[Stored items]

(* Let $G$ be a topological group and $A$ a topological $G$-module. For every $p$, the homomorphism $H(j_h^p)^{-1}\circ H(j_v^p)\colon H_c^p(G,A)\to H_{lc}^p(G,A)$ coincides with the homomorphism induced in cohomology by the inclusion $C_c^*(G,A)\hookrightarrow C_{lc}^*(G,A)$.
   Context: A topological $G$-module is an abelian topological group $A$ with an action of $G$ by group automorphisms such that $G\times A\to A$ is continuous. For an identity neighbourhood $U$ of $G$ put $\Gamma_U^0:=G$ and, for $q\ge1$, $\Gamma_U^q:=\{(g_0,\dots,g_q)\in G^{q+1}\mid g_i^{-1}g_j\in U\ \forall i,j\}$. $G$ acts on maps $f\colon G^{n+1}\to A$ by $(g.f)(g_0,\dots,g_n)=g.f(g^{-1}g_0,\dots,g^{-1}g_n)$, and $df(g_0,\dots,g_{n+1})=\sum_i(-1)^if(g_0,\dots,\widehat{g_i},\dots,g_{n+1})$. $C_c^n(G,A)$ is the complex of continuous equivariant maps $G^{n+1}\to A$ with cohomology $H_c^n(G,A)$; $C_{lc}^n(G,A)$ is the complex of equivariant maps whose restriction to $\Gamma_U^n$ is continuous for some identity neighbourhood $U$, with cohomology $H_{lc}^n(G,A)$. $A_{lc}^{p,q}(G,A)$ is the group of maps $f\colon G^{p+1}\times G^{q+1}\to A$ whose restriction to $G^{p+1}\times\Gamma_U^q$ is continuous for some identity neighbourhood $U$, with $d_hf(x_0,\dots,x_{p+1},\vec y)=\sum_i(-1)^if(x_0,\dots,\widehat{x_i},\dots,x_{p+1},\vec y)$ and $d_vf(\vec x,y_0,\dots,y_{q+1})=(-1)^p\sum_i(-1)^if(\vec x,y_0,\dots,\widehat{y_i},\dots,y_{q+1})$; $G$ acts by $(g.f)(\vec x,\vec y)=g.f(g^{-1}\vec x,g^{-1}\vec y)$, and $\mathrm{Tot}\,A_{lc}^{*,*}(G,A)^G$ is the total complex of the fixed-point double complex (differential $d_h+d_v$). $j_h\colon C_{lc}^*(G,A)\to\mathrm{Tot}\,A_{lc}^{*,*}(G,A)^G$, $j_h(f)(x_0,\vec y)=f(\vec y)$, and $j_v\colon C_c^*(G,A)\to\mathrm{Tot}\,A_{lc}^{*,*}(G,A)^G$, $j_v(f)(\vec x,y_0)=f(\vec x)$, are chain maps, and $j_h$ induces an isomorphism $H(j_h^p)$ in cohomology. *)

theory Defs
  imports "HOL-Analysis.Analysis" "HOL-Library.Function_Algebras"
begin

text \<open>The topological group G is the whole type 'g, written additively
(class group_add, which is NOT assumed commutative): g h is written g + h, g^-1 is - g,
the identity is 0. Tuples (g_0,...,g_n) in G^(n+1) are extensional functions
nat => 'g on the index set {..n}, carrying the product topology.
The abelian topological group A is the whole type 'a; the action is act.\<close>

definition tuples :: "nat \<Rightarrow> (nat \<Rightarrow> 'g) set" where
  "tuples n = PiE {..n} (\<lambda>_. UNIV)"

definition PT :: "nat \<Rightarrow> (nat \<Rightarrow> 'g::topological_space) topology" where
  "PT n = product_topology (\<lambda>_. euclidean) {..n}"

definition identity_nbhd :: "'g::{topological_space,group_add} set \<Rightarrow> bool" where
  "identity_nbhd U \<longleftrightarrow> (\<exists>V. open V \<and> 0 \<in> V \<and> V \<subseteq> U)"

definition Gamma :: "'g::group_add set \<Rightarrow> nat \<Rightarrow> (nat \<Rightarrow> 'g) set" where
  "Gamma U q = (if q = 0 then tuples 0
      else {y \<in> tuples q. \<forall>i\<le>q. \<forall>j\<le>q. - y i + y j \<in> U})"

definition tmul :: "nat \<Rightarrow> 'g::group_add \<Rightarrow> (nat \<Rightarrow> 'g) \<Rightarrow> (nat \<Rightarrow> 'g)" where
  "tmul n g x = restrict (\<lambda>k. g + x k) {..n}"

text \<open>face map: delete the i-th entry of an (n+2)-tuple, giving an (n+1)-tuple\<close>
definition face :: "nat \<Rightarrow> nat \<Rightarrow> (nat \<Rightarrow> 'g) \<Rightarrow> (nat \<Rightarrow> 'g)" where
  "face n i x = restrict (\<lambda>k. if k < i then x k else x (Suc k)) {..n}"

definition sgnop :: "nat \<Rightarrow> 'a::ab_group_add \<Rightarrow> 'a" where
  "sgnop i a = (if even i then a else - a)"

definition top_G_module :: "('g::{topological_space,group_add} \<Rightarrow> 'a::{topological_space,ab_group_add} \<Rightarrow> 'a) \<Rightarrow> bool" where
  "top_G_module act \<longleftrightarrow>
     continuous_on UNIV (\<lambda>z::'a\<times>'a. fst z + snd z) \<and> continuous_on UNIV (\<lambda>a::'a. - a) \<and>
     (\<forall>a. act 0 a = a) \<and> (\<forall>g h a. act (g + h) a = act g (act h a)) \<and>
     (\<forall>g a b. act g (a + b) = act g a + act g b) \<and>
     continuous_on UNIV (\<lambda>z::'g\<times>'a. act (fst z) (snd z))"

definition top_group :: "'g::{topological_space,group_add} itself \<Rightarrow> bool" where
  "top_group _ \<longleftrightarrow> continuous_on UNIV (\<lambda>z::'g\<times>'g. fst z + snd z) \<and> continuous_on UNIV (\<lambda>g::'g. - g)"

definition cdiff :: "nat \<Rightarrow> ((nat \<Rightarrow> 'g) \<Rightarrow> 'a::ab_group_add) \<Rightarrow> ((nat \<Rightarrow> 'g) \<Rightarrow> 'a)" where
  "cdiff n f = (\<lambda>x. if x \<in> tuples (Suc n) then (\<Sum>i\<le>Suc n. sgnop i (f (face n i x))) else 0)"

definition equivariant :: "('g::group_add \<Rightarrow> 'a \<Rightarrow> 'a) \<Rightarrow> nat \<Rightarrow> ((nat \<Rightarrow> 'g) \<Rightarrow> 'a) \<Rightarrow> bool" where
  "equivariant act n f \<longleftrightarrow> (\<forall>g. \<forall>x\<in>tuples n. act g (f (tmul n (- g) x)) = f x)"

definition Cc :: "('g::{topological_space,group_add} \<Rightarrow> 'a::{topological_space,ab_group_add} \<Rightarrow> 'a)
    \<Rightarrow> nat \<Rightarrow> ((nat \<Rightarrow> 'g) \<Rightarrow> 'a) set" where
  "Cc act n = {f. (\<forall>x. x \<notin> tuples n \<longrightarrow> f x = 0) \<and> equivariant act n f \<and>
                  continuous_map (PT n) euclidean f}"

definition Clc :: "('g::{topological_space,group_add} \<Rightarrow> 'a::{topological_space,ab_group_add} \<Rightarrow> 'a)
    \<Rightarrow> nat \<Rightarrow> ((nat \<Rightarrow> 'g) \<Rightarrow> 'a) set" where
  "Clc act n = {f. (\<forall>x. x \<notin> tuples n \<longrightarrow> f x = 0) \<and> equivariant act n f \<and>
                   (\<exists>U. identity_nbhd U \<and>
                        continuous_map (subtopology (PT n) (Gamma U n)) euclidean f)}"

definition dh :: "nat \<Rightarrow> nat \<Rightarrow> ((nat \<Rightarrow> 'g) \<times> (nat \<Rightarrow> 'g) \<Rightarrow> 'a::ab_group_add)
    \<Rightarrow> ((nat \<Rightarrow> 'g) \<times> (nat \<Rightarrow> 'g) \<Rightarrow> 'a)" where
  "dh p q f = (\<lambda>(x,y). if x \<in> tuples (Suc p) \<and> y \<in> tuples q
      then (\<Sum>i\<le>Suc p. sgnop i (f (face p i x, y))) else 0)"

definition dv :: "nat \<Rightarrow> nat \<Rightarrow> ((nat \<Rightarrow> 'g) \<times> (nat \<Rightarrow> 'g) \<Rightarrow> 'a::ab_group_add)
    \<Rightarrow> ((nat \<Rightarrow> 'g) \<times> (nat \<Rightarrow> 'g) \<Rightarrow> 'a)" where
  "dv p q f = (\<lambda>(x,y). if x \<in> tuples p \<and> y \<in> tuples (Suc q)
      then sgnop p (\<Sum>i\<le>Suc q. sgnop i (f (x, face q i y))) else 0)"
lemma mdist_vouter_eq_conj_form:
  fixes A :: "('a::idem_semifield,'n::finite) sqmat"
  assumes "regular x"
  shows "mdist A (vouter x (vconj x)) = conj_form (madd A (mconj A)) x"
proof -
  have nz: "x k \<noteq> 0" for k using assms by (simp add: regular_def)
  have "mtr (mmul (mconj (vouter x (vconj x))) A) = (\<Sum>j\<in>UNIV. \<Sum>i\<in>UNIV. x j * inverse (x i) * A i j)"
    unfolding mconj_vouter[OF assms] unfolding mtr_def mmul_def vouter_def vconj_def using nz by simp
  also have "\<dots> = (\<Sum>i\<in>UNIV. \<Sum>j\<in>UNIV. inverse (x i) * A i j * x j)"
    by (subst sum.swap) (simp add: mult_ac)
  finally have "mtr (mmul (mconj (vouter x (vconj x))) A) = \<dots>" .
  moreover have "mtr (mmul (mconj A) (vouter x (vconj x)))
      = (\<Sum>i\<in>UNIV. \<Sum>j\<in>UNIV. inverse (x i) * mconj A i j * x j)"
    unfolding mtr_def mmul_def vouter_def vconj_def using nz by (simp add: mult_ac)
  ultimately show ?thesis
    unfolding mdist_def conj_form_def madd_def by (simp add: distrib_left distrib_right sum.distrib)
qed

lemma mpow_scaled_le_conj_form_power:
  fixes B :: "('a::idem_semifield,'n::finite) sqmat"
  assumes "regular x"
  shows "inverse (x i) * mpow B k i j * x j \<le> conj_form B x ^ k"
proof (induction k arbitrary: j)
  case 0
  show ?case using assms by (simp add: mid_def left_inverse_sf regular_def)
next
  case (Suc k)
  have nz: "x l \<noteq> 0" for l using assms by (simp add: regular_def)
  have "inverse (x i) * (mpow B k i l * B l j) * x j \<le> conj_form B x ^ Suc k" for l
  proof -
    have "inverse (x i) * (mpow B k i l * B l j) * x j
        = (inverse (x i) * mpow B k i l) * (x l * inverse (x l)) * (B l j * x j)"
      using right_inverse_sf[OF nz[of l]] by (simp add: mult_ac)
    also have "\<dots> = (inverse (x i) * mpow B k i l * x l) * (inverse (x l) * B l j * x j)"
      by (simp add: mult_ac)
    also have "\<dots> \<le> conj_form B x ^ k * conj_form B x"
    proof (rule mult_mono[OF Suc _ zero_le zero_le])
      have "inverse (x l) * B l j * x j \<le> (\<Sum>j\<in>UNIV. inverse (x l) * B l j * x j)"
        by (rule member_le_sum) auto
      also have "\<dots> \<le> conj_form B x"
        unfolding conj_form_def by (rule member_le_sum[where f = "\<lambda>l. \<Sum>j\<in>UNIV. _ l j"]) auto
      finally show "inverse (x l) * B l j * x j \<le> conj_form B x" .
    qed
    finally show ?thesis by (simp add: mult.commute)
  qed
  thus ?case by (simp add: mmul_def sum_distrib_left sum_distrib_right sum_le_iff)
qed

* What you have to do: What you return should be exactly the lines above, starting at the one with "A) (vouter x (vconj x)))" and ending at the one with "ultimately show ?thesis", and nothing else.

* Response for this exercise:
  moreover have "mtr (mmul (mconj A) (vouter x (vconj x)))
      = (\<Sum>i\<in>UNIV. \<Sum>j\<in>UNIV. inverse (x i) * mconj A i j * x j)"
    unfolding mtr_def mmul_def vouter_def vconj_def using nz by (simp add: mult_ac)
  ultimately show ?thesis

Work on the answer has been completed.